The move has been prompted by the increased popularity of devices like the iPhone and services like the BBC iPlayer, which are squeezing network operators' ability to keep up with demand.
Lynsay Taffe, communications and policy manager at the Advertising Standards Authority, said the body is launching a comprehensive review of how internet services are marketed.

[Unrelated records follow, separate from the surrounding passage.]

lemma abs_integral_ln_chord_le:
  assumes "\<bar>t\<bar> \<le> 1/2"
  shows "\<bar>integral {0..pi} (ln_chord t)\<bar> \<le> ln 4 * pi"
proof -
  have "(ln_chord t has_integral integral {0..pi} (ln_chord t)) (cbox 0 pi)"
    using assms by (simp add: integrable_integral ln_chord_integrable)
  then have "norm (integral {0..pi} (ln_chord t)) \<le> ln 4 * measure lborel (cbox 0 pi)"
    by (rule has_integral_bound[rotated]) (use assms abs_ln_chord_le in auto)
  then show ?thesis
    by simp
qed

(* For X(t) the integral of ln_chord t over [0, pi], X(t^(2^k)) = 2^k X(t) would be unbounded
   unless X(t) = 0, whereas X is bounded on [-1/2, 1/2]. *)
lemma integral_ln_chord_eq_0_interior:
  assumes "\<bar>t\<bar> < 1"
  shows "integral {0..pi} (ln_chord t) = 0"
proof (rule ccontr)
  let ?X = "\<lambda>t. integral {0..pi} (ln_chord t)"
  assume "?X t \<noteq> 0"
  have "(\<lambda>n. \<bar>t\<bar> ^ n) \<longlonglongrightarrow> 0"
    using assms by (simp add: LIMSEQ_power_zero)
  then have "\<forall>\<^sub>F n in sequentially. \<bar>t\<bar> ^ n < 1/2"
    by (rule order_tendstoD(2)) simp
  then obtain N where N: "\<And>n. n \<ge> N \<Longrightarrow> \<bar>t\<bar> ^ n < 1/2"
    by (auto simp: eventually_sequentially)
  obtain k0 :: nat where k0: "ln 4 * pi / \<bar>?X t\<bar> < 2 ^ k0"
    using real_arch_pow[of 2 "ln 4 * pi / \<bar>?X t\<bar>"] by auto
  define k where "k = max k0 N"
  have "N \<le> k"
    by (simp add: k_def)
  then have "N \<le> 2 ^ k"
    using less_exp[of k] by linarith
  then have "\<bar>t ^ 2 ^ k\<bar> \<le> 1/2"
    using N[of "2 ^ k"] by (simp add: power_abs)
  then have "\<bar>?X (t ^ 2 ^ k)\<bar> \<le> ln 4 * pi"
    by (rule abs_integral_ln_chord_le)
  then have "2 ^ k * \<bar>?X t\<bar> \<le> ln 4 * pi"
    using assms integral_ln_chord_power2[of t k] by (simp add: abs_mult)
  moreover have "2 ^ k0 * \<bar>?X t\<bar> \<le> 2 ^ k * \<bar>?X t\<bar>"
    by (intro mult_right_mono) (simp_all add: k_def)
  moreover have "ln 4 * pi < 2 ^ k0 * \<bar>?X t\<bar>"
    using k0 \<open>?X t \<noteq> 0\<close> by (simp add: field_simps)
  ultimately show False
    by linarith
qed

lemma has_integral_ln_chord:
  assumes "\<bar>t\<bar> \<le> 1"
  shows "(ln_chord t has_integral 0) {0..pi}"
proof -
  let ?X = "\<lambda>t. integral {0..pi} (ln_chord t)"
  have "?X t = 0"
  proof (cases "\<bar>t\<bar> = 1")
    case True
    have "?X 1 = 2 * ?X 1"
      using integral_ln_chord_square[of 1] by simp
    moreover have "?X 1 = 2 * ?X t"
      using integral_ln_chord_square[OF assms] True by (simp add: power2_eq_1_iff abs_if split: if_splits)
    ultimately show ?thesis
      by simp
  qed (use assms integral_ln_chord_eq_0_interior in simp)
  then show ?thesis
    using integrable_integral[OF ln_chord_integrable[OF assms]] by simp
qed

lemma one_plus_cos_pos:
  assumes "0 \<le> x" "x < pi"
  shows "0 < 1 + cos x"
proof -
  have "0 < cos (x/2)"
    by (rule cos_gt_zero_pi) (use assms in auto)
  then show ?thesis
    using cos_double_cos[of "x/2"] by simp
qed

lemma has_integral_ln_one_plus_cos:
  "((\<lambda>x. ln (1 + cos x)) has_integral - pi * ln 2) {0..pi}"
proof -
  have hi: "((\<lambda>x. ln_chord (-1) x - ln 2) has_integral 0 - pi * ln 2) {0..pi}"
    by (intro has_integral_diff has_integral_ln_chord has_integral_const_real[THEN has_integral_eq_rhs]) auto
  have eq: "ln (1 + cos x) = ln_chord (-1) x - ln 2" if "x \<in> {0..pi} - {pi}" for x
  proof -
    have "ln_chord (-1) x = ln (2 * (1 + cos x))"
      by (simp add: ln_chord_def)
    also have "\<dots> = ln 2 + ln (1 + cos x)"
      by (rule ln_mult_pos) (use one_plus_cos_pos[of x] that in auto)
    finally show ?thesis
      by simp
  qed
  show ?thesis
    using has_integral_spike_finite[of "{pi}", OF _ eq hi] by simp
qed

lemma has_integral_ln_five_plus_four_cos:
  "((\<lambda>x. ln (5 + 4 * cos x)) has_integral 2 * pi * ln 2) {0..pi}"
proof -
  have "((\<lambda>x. ln 4 + ln_chord (-1/2) x) has_integral pi * ln 4 + 0) {0..pi}"
    by (intro has_integral_add has_integral_ln_chord has_integral_const_real[THEN has_integral_eq_rhs]) auto
  moreover have "ln 4 + ln_chord (-1/2) x = ln (5 + 4 * cos x)" for x
  proof -
    have "ln_chord (-1/2) x = ln ((5 + 4 * cos x) / 4)"
      by (simp add: ln_chord_def power2_eq_square add_divide_distrib)
    moreover have "0 < 5 + 4 * cos x"
      using cos_ge_minus_one[of x] by linarith
    ultimately show ?thesis
      by (simp add: ln_div)
  qed
  moreover have "ln (4::real) = 2 * ln 2"
    using ln_realpow[of 2 2] by simp
  ultimately show ?thesis
    by (simp add: mult_ac)
qed
text \<open>A sum over all indices with nonzero summand (used for sums that are
  finite when applied to a vector).\<close>
definition fsum :: "(nat \<Rightarrow> 'a::comm_monoid_add) \<Rightarrow> 'a" where
  "fsum f = (\<Sum>j\<in>{j. f j \<noteq> 0}. f j)"

text \<open>We fix an orthonormal basis h_0,...,h_{N-1} of the space h (here
  N = 2n).  As a vector space M(1) is the polynomial algebra in the variables
  (j,k), where the variable (j,k) stands for h_j(-(k+1)); the vacuum is the
  constant polynomial 1.  Thus vectors of M(1) are the elements of type
  (nat * nat) cpoly whose variables (j,k) all satisfy j < N.\<close>

type_synonym heis = "(nat \<times> nat) cpoly"

definition heis_space :: "nat \<Rightarrow> heis set" where
  "heis_space N = poly_in {v. fst v < N}"

text \<open>The action of h_j(k) on M(1): creation (k<0) is multiplication by the
  variable; annihilation (k>0) is k times the partial derivative
  (since [h_j(k), h_j(-k)] = k); h_j(0) acts as 0.\<close>
definition hmode :: "nat \<Rightarrow> int \<Rightarrow> heis \<Rightarrow> heis" where
  "hmode j k w =
     (if k < 0 then cvar (j, nat (-k) - 1) * w
      else if k > 0 then cconst (of_int k) * cpderiv (j, nat k - 1) w
      else 0)"

text \<open>Modes of the vertex operator of a monomial vector, via the normal ordered
  product  Y(h_j(-m)u, z) = : (1/(m-1)!) (d/dz)^(m-1) h_j(z) Y(u,z) : .
  Expanding modes, for m >= 1:
    (h_j(-m)u)_s w = sum_{l>=0} C(m+l-1,l) [ h_j(-m-l) (u_{s+l} w)
                                             - (-1)^m u_{s-m-l} (h_j(l) w) ]
  and the vacuum satisfies 1_s w = delta_{s,-1} w.  The first argument is a
  fuel equal to the degree of the monomial.\<close>
primrec monop_aux :: "nat \<Rightarrow> ((nat \<times> nat) \<Rightarrow>\<^sub>0 nat) \<Rightarrow> int \<Rightarrow> heis \<Rightarrow> heis" where
  "monop_aux 0 mu s w = (if s = -1 then w else 0)"
| "monop_aux (Suc d) mu s w =
     (let v = (SOME v. v \<in> Poly_Mapping.keys mu); j = fst v; m = snd v + 1;
          mu' = mu - Poly_Mapping.single v 1
      in fsum (\<lambda>l. cconst (of_nat ((m + l - 1) choose l)) *
                    (hmode j (- int m - int l) (monop_aux d mu' (s + int l) w)
                     - cconst ((-1) ^ m) *
                       monop_aux d mu' (s - int m - int l) (hmode j (int l) w))))"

The review will be carried out with the British Code of Advertising Practice and Committee of Advertising Practice as these bodies can dictate policy, while the ASA is only permitted to adjudicate on specific cases.
."We've looked at a number of complaints about individual ads in the telecoms sector regarding access speeds and usage limits and found that applying a single policy to how telecoms providers advertise can pose significant challenges," said Taffe.
"It's important that we look at this on a broader policy level with service providers, other regulators and consumer groups, rather than relying on individual ASA rulings that focus on a particular service on one platform," she added. "Therefore, the ASA has invited CAP and BCAP to review broadband speed and 'unlimited' use claims."
Mobile operators marketing their internet tariffs as 'unlimited' - even though they're subject to 'fair usage' caps - came under increased scrutiny after O2 dropped the tagline from its advertising of the iPhone 4.
Jonathan Earle, O2's head of consumer mobile, denied the change was prompted by regulators looking into how mobile internet services are marketed. "We're going off the unlimited data message because the amount of use is unsustainable at the moment," he said. "From now on, our caps will be much more transparent and we'll let new users know when they approach their limits."
The company's current marketing campaign focuses on transparency.
Paul Goode, ComScore's head of industry relations, expects the move to explicitly state caps on data use will be replicated by other operators. "This is the start of an industry-wide trend we're seeing ahead of the expected increase in the number of users purchasing smartphones and mobile internet packages," he said.
Vodafone dropped the 'unlimited' tagline from its mobile internet ad campaigns last December ahead of its launch of the iPhone, following feedback from consumers.
A Vodafone spokesman said, "Since last December we've got rid of the 'unlimited' line from all our internet packages, whether it's on a phone or with a dongle. It's confusing for customers to get sold an unlimited package and then have to get used to a 'fair usage' policy."
But complaints over the marketing of internet access aren't restricted to mobile internet caps, as consumers start to consume more bandwidth with online services.
Ceri Stanaway, principal researcher for broadband at Which?, said, "We're researching consumer attitudes to internet services and finding that, with more people using multimedia services online, it's harder for operators to keep up with demand."
She also cited a 2009 Which? study of 11,000 broadband users in which 11% of respondents claimed their ISP had contacted them about "excessive" network use even though the tariff they signed up to was marketed as unlimited.
"It's entirely possible that figure would have risen by now," said Stanaway. "With people using their PCs for things like iPlayer, pressure on the networks can only have risen."
Sky Broadband changed the marketing of its online access after customers reported that service provision didn't always meet with how it was advertised.
Lucian Smithers, Sky Broadband's director of brand strategy and communications, said, "Consumers are confused and don't 100% trust what they're told about their broadband speeds. It's an area where there's an underlying bad perception of the service providers."
new media age contacted ISPs TalkTalk and Virgin Media but neither was able to provide a response before this issue went to press.